In Alumni Spotlight by Donnie ButlerLeave a Comment

Dr. Da’Tarvia A. Parrish of the department of history and political science at Livingstone College was selected as a Scholar-in-Residence at the University of Oxford’s Institute for the Study of Global Antisemitism and Policy. This interdisciplinary program aims to examine socio-economic, political, historical and cultural processes, in the age of globalization, that impacts notions of antisemitism, with the ultimate goal of developing antisemitism studies as a recognized academic discipline. Under the guidance of leading international academics, Scholars-in-Residence are required to develop a course syllabus and curriculum in the interdisciplinary study of critical contemporary antisemitism. While considering the program’s goals, Parrish said, “2020 has demonstrated the necessity of the mosaic world to yield to diversity, equity, and inclusion; for the human race cannot withstand the chastisement of its lacking.

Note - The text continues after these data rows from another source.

(* Let $\{\lambda_j\}_{j\in\mathbb N}$ be a non-increasing sequence of non-negative reals with $\lim_{j\to\infty}\lambda_j=0$. Then $$\lim_{j\to\infty}\frac{\ln(\ln\frac1{\lambda_j})}{\ln(\ln j)}=\infty$$ holds if and only if for every $\delta>0$, $$\lim_{j\to\infty}\frac{(\ln\frac1{\lambda_j})^{\alpha}}{\ln j}=\infty\quad\text{for all }\alpha\in(0,\delta).$$
   Context: If $\lambda_j=0$, $\ln\frac1{\lambda_j}$ is interpreted as $\infty$. *)

theory Defs
  imports "HOL-Analysis.Analysis"
begin

text \<open>Extended-real valued quotients, with the convention that
  ln(1/lambda_j) = infinity when lambda_j = 0 (so both quotients are infinity then).\<close>

definition loglog_ratio :: "(nat \<Rightarrow> real) \<Rightarrow> nat \<Rightarrow> ereal" where
  "loglog_ratio lam j =
     (if lam j = 0 then \<infinity>
      else ereal (ln (ln (1 / lam j)) / ln (ln (real j))))"

definition pow_ratio :: "real \<Rightarrow> (nat \<Rightarrow> real) \<Rightarrow> nat \<Rightarrow> ereal" where
  "pow_ratio \<alpha> lam j =
     (if lam j = 0 then \<infinity>
      else ereal ((ln (1 / lam j)) powr \<alpha> / ln (real j)))"

end

theory Submission
  imports Defs
begin

text \<open>Write \<open>L = ln (1/\<lambda>\<^sub>j)\<close> and \<open>l = ln j\<close>. Taking logarithms,
  \<open>l\<^sup>k < L\<^sup>\<alpha>\<close> is the same as \<open>k/\<alpha> < ln L / ln l\<close>. Hence a double-log ratio above \<open>2/\<alpha>\<close>
  gives \<open>L\<^sup>\<alpha>/l > l \<rightarrow> \<infinity>\<close>, while \<open>L\<^sup>\<alpha>/l > 1\<close> for \<open>\<alpha> = 1/M\<close> gives a double-log ratio
  above \<open>M\<close>.\<close>

lemma powr_less_powr_iff_ln_ratio:
  fixes l L a k :: real
  assumes "1 < l" "0 < L" "0 < a"
  shows "l powr k < L powr a \<longleftrightarrow> k / a < ln L / ln l"
proof -
  have "l powr k < L powr a \<longleftrightarrow> k * ln l < a * ln L"
    using assms by (simp add: powr_def)
  also have "\<dots> \<longleftrightarrow> k / a < ln L / ln l"
    using assms by (simp add: field_simps)
  finally show ?thesis .
qed

lemma eventually_ln_real_gt: "eventually (\<lambda>j. r < ln (real j)) sequentially"
proof -
  have "filterlim (\<lambda>j. ln (real j)) at_top sequentially"
    by (rule filterlim_compose[OF ln_at_top filterlim_real_sequentially])
  then show ?thesis
    by (simp add: filterlim_at_top_dense)
qed

lemma pow_ratio_gt_if_loglog_ratio_gt:
  assumes "0 \<le> lam j" "lam j < 1" "1 < ln (real j)" "0 < a"
    and "ereal (2 / a) < loglog_ratio lam j"
  shows "ereal (ln (real j)) < pow_ratio a lam j"
proof (cases "lam j = 0")
  case False
  define L where "L = ln (1 / lam j)"
  define l where "l = ln (real j)"
  have "0 < L" "1 < l"
    using assms False by (auto simp: L_def l_def)
  moreover have "2 / a < ln L / ln l"
    using assms(5) False by (simp add: loglog_ratio_def L_def l_def)
  ultimately have "l powr 2 < L powr a"
    using powr_less_powr_iff_ln_ratio \<open>0 < a\<close> by blast
  then have "l < L powr a / l"
    using \<open>1 < l\<close> by (simp add: powr_numeral power2_eq_square pos_less_divide_eq)
  then show ?thesis
    using False by (simp add: pow_ratio_def L_def l_def)
qed (simp add: pow_ratio_def)

lemma loglog_ratio_gt_if_pow_ratio_gt:
  assumes "0 \<le> lam j" "lam j < 1" "1 < ln (real j)" "0 < a"
    and "ereal 1 < pow_ratio a lam j"
  shows "ereal (1 / a) < loglog_ratio lam j"
proof (cases "lam j = 0")
  case False
  define L where "L = ln (1 / lam j)"
  define l where "l = ln (real j)"
  have "0 < L" "1 < l"
    using assms False by (auto simp: L_def l_def)
  moreover have "l < L powr a"
    using assms(5) False \<open>1 < l\<close> by (simp add: pow_ratio_def L_def l_def pos_less_divide_eq)
  ultimately have "1 / a < ln L / ln l"
    using powr_less_powr_iff_ln_ratio[of l L a 1] \<open>0 < a\<close> by simp
  then show ?thesis
    using False by (simp add: loglog_ratio_def L_def l_def)
qed (simp add: loglog_ratio_def)

lemma pow_ratio_tendsto_PInfty:
  assumes "\<forall>j. lam j \<ge> 0" "lam \<longlonglongrightarrow> 0" "0 < a"
    and "(loglog_ratio lam \<longlongrightarrow> \<infinity>) sequentially"
  shows "(pow_ratio a lam \<longlongrightarrow> \<infinity>) sequentially"
  unfolding tendsto_PInfty
proof
  fix r :: real
  show "eventually (\<lambda>j. ereal r < pow_ratio a lam j) sequentially"
    using order_tendstoD(2)[OF assms(2) zero_less_one] eventually_ln_real_gt[of "max r 1"]
      assms(4)[unfolded tendsto_PInfty, rule_format, of "2 / a"]
  proof eventually_elim
    case (elim j)
    then have "ereal (ln (real j)) < pow_ratio a lam j"
      using assms(1,3) by (intro pow_ratio_gt_if_loglog_ratio_gt) auto
    moreover have "ereal r < ereal (ln (real j))"
      using elim(2) by simp
    ultimately show ?case
      by (rule less_trans[rotated])
  qed
qed

lemma loglog_ratio_tendsto_PInfty:
  assumes "\<forall>j. lam j \<ge> 0" "lam \<longlonglongrightarrow> 0"
    and "\<forall>a>0. (pow_ratio a lam \<longlongrightarrow> \<infinity>) sequentially"
  shows "(loglog_ratio lam \<longlongrightarrow> \<infinity>) sequentially"
  unfolding tendsto_PInfty
proof
  fix r :: real
  define a where "a = 1 / (\<bar>r\<bar> + 1)"
  have "0 < a"
    by (simp add: a_def add_pos_nonneg)
  show "eventually (\<lambda>j. ereal r < loglog_ratio lam j) sequentially"
    using order_tendstoD(2)[OF assms(2) zero_less_one] eventually_ln_real_gt[of 1]
      assms(3)[rule_format, OF \<open>0 < a\<close>, unfolded tendsto_PInfty, rule_format, of 1]
  proof eventually_elim
    case (elim j)
    then have "ereal (1 / a) < loglog_ratio lam j"
      using assms(1) \<open>0 < a\<close> by (intro loglog_ratio_gt_if_pow_ratio_gt) auto
    moreover have "ereal r < ereal (1 / a)"
      by (simp add: a_def)
    ultimately show ?case
      by (rule less_trans[rotated])
  qed
qed

lemma all_greaterThanLessThan_pos_iff:
  fixes P :: "real \<Rightarrow> bool"
  shows "(\<forall>\<delta>>0. \<forall>x\<in>{0<..<\<delta>}. P x) \<longleftrightarrow> (\<forall>x>0. P x)"
proof (intro iffI allI impI ballI)
  fix x :: real
  assume "\<forall>\<delta>>0. \<forall>x\<in>{0<..<\<delta>}. P x" and "0 < x"
  moreover have "0 < x + 1" "x \<in> {0<..<x + 1}"
    using \<open>0 < x\<close> by auto
  ultimately show "P x"
    by blast
qed simp

theorem lemma4:
  fixes lam :: "nat \<Rightarrow> real"
  assumes nonneg: "\<forall>j. lam j \<ge> 0"
    and noninc: "decseq lam"
    and lim0: "lam \<longlonglongrightarrow> 0"
  shows "((\<lambda>j. loglog_ratio lam j) \<longlongrightarrow> \<infinity>) sequentially \<longleftrightarrow>
         (\<forall>\<delta>>0. \<forall>\<alpha>\<in>{0<..<\<delta>}. ((\<lambda>j. pow_ratio \<alpha> lam j) \<longlongrightarrow> \<infinity>) sequentially)"
  unfolding all_greaterThanLessThan_pos_iff
proof
  assume "(loglog_ratio lam \<longlongrightarrow> \<infinity>) sequentially"
  then show "\<forall>\<alpha>>0. (pow_ratio \<alpha> lam \<longlongrightarrow> \<infinity>) sequentially"
    using pow_ratio_tendsto_PInfty[OF nonneg lim0] by blast
qed (rule loglog_ratio_tendsto_PInfty[OF nonneg lim0])

end
(* Let $k\ge2$ and let $\tau(x,y,h,b_1)$ be the formula $\alpha(x)\wedge\alpha(y)\wedge([h,b_1]=e)\wedge\beta(b_1)\wedge\forall v\,\forall w\,\big([v,b_1]=[w,b_1]=e\wedge\gamma(h,v,w,b_1)\rightarrow\exists u\,(\alpha(u)\wedge[v,y]=[w,x][v,[u,v]])\big)$, where $\alpha(x)=\forall y\,([y^{-1}xy,x]=e)$, $\beta(y)=\forall x\,(\alpha(x)\rightarrow y^{-1}xy=x^k)$, and $\gamma(x,y,z,t)$ is a group formula such that for every $b_1\in Ab$ and all $n,l,m\in\mathbb{Z}$, $BS(1,k)\models\gamma(b_1^n,b_1^l,b_1^m,b_1)$ iff $nl=m$. If $a_1\in A$ and $b_1\in Ab$, then for all $u,h\in BS(1,k)$: $BS(1,k)\models\tau(a_1,u,h,b_1)$ if and only if there exists $z\in\mathbb{Z}$ with $u=a_1^z$ and $h=b_1^z$.
   Context: $BS(1,k)=\langle a,b\mid b^{-1}ab=a^k\rangle$, identified with $\mathbb{Z}[1/k]\rtimes\mathbb{Z}$ (pairs $(y,m)$, $y\in\mathbb{Z}[1/k]=\{zk^i:z,i\in\mathbb{Z}\}$, product $(y_1,m_1)(y_2,m_2)=(y_1+y_2k^{-m_1},m_1+m_2)$), with $a=(1,0)$, $b=(0,1)$; $a^y=(y,0)$. $A=\{a^y: y\in\mathbb{Z}[1/k]\}$ (the normal closure of $a$) and $Ab=\{a^yb:y\in\mathbb{Z}[1/k]\}$. The commutator is $[x,y]=x^{-1}y^{-1}xy$. *)

theory Defs
  imports Complex_Main "HOL-Algebra.Group"
begin

text \<open>The Baumslag--Solitar group BS(1,k) realised as Z[1/k] \<rtimes> Z:
  pairs (y,m) with y in Z[1/k] (a subring of the rationals), with
  (y1,m1)(y2,m2) = (y1 + y2 k^(-m1), m1 + m2).\<close>

definition Zk :: "int \<Rightarrow> rat set" where
  "Zk k = {of_int z * (of_int k) powi i | z i. True}"

definition BS :: "int \<Rightarrow> (rat \<times> int) monoid" where
  "BS k = \<lparr> carrier = {(y, m). y \<in> Zk k},
            mult = (\<lambda>(y1, m1) (y2, m2). (y1 + y2 * (of_int k) powi (- m1), m1 + m2)),
            one = (0, 0) \<rparr>"

definition bs_a :: "int \<Rightarrow> rat \<times> int" where "bs_a k = (1, 0)"
definition bs_b :: "int \<Rightarrow> rat \<times> int" where "bs_b k = (0, 1)"

text \<open>A = {a^y : y in Z[1/k]} and Ab = {a^y b : y in Z[1/k]}, where a^y = (y,0).\<close>
definition bsA :: "int \<Rightarrow> (rat \<times> int) set" where
  "bsA k = {(y, 0) | y. y \<in> Zk k}"

definition bsAb :: "int \<Rightarrow> (rat \<times> int) set" where
  "bsAb k = {(y, 0) \<otimes>\<^bsub>BS k\<^esub> bs_b k | y. y \<in> Zk k}"

definition bs_comm :: "int \<Rightarrow> rat \<times> int \<Rightarrow> rat \<times> int \<Rightarrow> rat \<times> int" where
  "bs_comm k x y = inv\<^bsub>BS k\<^esub> x \<otimes>\<^bsub>BS k\<^esub> inv\<^bsub>BS k\<^esub> y \<otimes>\<^bsub>BS k\<^esub> x \<otimes>\<^bsub>BS k\<^esub> y"

definition bs_alpha :: "int \<Rightarrow> rat \<times> int \<Rightarrow> bool" where
  "bs_alpha k x \<longleftrightarrow> (\<forall>y\<in>carrier (BS k).
      bs_comm k (inv\<^bsub>BS k\<^esub> y \<otimes>\<^bsub>BS k\<^esub> x \<otimes>\<^bsub>BS k\<^esub> y) x = \<one>\<^bsub>BS k\<^esub>)"

definition bs_beta :: "int \<Rightarrow> rat \<times> int \<Rightarrow> bool" where
  "bs_beta k y \<longleftrightarrow> (\<forall>x\<in>carrier (BS k). bs_alpha k x \<longrightarrow>
      inv\<^bsub>BS k\<^esub> y \<otimes>\<^bsub>BS k\<^esub> x \<otimes>\<^bsub>BS k\<^esub> y = x [^]\<^bsub>BS k\<^esub> k)"

definition bs_tau :: "int \<Rightarrow> (rat \<times> int \<Rightarrow> rat \<times> int \<Rightarrow> rat \<times> int \<Rightarrow> rat \<times> int \<Rightarrow> bool)
    \<Rightarrow> rat \<times> int \<Rightarrow> rat \<times> int \<Rightarrow> rat \<times> int \<Rightarrow> rat \<times> int \<Rightarrow> bool" where
  "bs_tau k \<gamma> x y h b1 \<longleftrightarrow>
     bs_alpha k x \<and> bs_alpha k y \<and> bs_comm k h b1 = \<one>\<^bsub>BS k\<^esub> \<and> bs_beta k b1 \<and>
     (\<forall>v\<in>carrier (BS k). \<forall>w\<in>carrier (BS k).
        bs_comm k v b1 = \<one>\<^bsub>BS k\<^esub> \<and> bs_comm k w b1 = \<one>\<^bsub>BS k\<^esub> \<and> \<gamma> h v w b1 \<longrightarrow>
        (\<exists>u\<in>carrier (BS k). bs_alpha k u \<and>
            bs_comm k v y = bs_comm k w x \<otimes>\<^bsub>BS k\<^esub> bs_comm k v (bs_comm k u v)))"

As narratives are constructed to convey and combat the times, successful authorial perspectives must center organic culture, and interrelate ethics and freedom as central elements of the narrative; to reclaim, reinvent and even, transmogrify humanity. What better place to start than an HBCU classroom?” Intended for professors with full-time college or university positions from across the globe, this international program aims to create a space for issues of antisemitism at a high level of scholarship. The course syllabus and curriculum is to be taught at the Scholar-in-Residence’s home institution for course credit, on at least two occasions, upon completion of the program. “As I journey into this opportunity, I aim to engage with the central purpose of producing curriculum that evolves in redemptive projects tugging …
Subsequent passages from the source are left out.